lemma elementary_partials:
  "elementary f \<Longrightarrow> (\<forall>x\<in>Omega. f differentiable (at x)) \<and>
    elementary (Dt f) \<and> elementary (Dr f) \<and> elementary (Du f)"
proof (induction rule: elementary.induct)
  case (elementary_const k)
  show ?case
    by (rule elementary_partialsI[where F="\<lambda>x h. 0"]) (auto intro: elementary.elementary_const)
next
  case elementary_t
  show ?case
    by (rule elementary_partialsI[where F="\<lambda>x h. fst h"])
      (auto intro!: derivative_eq_intros intro: elementary.elementary_const)
next
  case elementary_r
  show ?case
    by (rule elementary_partialsI[where F="\<lambda>x h. fst (snd h)"])
      (auto intro!: derivative_eq_intros intro: elementary.elementary_const)
next
  case elementary_u
  show ?case
    by (rule elementary_partialsI[where F="\<lambda>x h. snd (snd h)"])
      (auto intro!: derivative_eq_intros intro: elementary.elementary_const)
next
  case (elementary_add f g)
  show ?case
  proof (rule elementary_partialsI
      [where F="\<lambda>x h. frechet_derivative f (at x) h + frechet_derivative g (at x) h"])
    show "((\<lambda>x. f x + g x) has_derivative
        (\<lambda>h. frechet_derivative f (at x) h + frechet_derivative g (at x) h)) (at x)"
      if "x \<in> Omega" for x
      using that elementary_add.IH
      by (intro has_derivative_add frechet_derivative_works[THEN iffD1]) auto
    show "elementary (\<lambda>x. Dt f x + Dt g x)" "elementary (\<lambda>x. Dr f x + Dr g x)"
      "elementary (\<lambda>x. Du f x + Du g x)"
      using elementary_add.IH by (auto intro!: elementary.elementary_add)
  qed (auto simp: Dt_def Dr_def Du_def)
next
  case (elementary_mult f g)
  show ?case
  proof (rule elementary_partialsI
      [where F="\<lambda>x h. f x * frechet_derivative g (at x) h + frechet_derivative f (at x) h * g x"])
    show "((\<lambda>x. f x * g x) has_derivative
        (\<lambda>h. f x * frechet_derivative g (at x) h + frechet_derivative f (at x) h * g x)) (at x)"
      if "x \<in> Omega" for x
      using that elementary_mult.IH
      by (intro has_derivative_mult frechet_derivative_works[THEN iffD1]) auto
    show "elementary (\<lambda>x. f x * Dt g x + Dt f x * g x)"
      "elementary (\<lambda>x. f x * Dr g x + Dr f x * g x)"
      "elementary (\<lambda>x. f x * Du g x + Du f x * g x)"
      using elementary_mult by (auto intro!: elementary.elementary_add elementary.elementary_mult)
  qed (auto simp: Dt_def Dr_def Du_def)
next
  case (elementary_powr s)
  show ?case
  proof (rule elementary_partialsI[where F="\<lambda>x h. fst (snd h) * (s * fst (snd x) powr (s - 1))"
        and fr="\<lambda>x. s * fst (snd x) powr (s - 1)"])
    show "((\<lambda>x::pt. fst (snd x) powr s) has_derivative
        (\<lambda>h. fst (snd h) * (s * fst (snd x) powr (s - 1)))) (at x)"
      if "x \<in> Omega" for x
      using that unfolding Omega_def
      by (auto intro!: DERIV_compose_FDERIV[OF has_real_derivative_powr] derivative_eq_intros)
  qed (auto intro: elementary.elementary_const elementary.elementary_mult elementary.elementary_powr)
next
  case elementary_ln
  show ?case
  proof (rule elementary_partialsI[where F="\<lambda>x h. fst (snd h) * (1 / fst (snd x))"
        and ft="\<lambda>x. 0" and fr="\<lambda>x. fst (snd x) powr (-1)" and fu="\<lambda>x. 0"])
    show "((\<lambda>x::pt. ln (fst (snd x))) has_derivative (\<lambda>h. fst (snd h) * (1 / fst (snd x)))) (at x)"
      if "x \<in> Omega" for x
      using that unfolding Omega_def
      by (auto intro!: DERIV_compose_FDERIV[OF DERIV_ln_divide] derivative_eq_intros
        simp: divide_inverse)
    show "elementary (\<lambda>x. fst (snd x) powr (-1))" by (rule elementary.elementary_powr)
  qed (auto intro: elementary.elementary_const simp: Omega_def powr_minus_divide)
next
  case (elementary_cong f g)
  then show ?case
    using partials_cong_Omega[of _ f g]
    by (auto intro: differentiable_cong_Omega elementary.elementary_cong)
qed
- - - - - - -
* _Task item_:
Those lines above that contain the string "rule" should be returned.

* _Completed task_:
proof (induction rule: elementary.induct)
    by (rule elementary_partialsI[where F="\<lambda>x h. 0"]) (auto intro: elementary.elementary_const)
    by (rule elementary_partialsI[where F="\<lambda>x h. fst h"])
    by (rule elementary_partialsI[where F="\<lambda>x h. fst (snd h)"])
    by (rule elementary_partialsI[where F="\<lambda>x h. snd (snd h)"])
  proof (rule elementary_partialsI
  proof (rule elementary_partialsI
  proof (rule elementary_partialsI[where F="\<lambda>x h. fst (snd h) * (s * fst (snd x) powr (s - 1))"
  proof (rule elementary_partialsI[where F="\<lambda>x h. fst (snd h) * (1 / fst (snd x))"
    show "elementary (\<lambda>x. fst (snd x) powr (-1))" by (rule elementary.elementary_powr)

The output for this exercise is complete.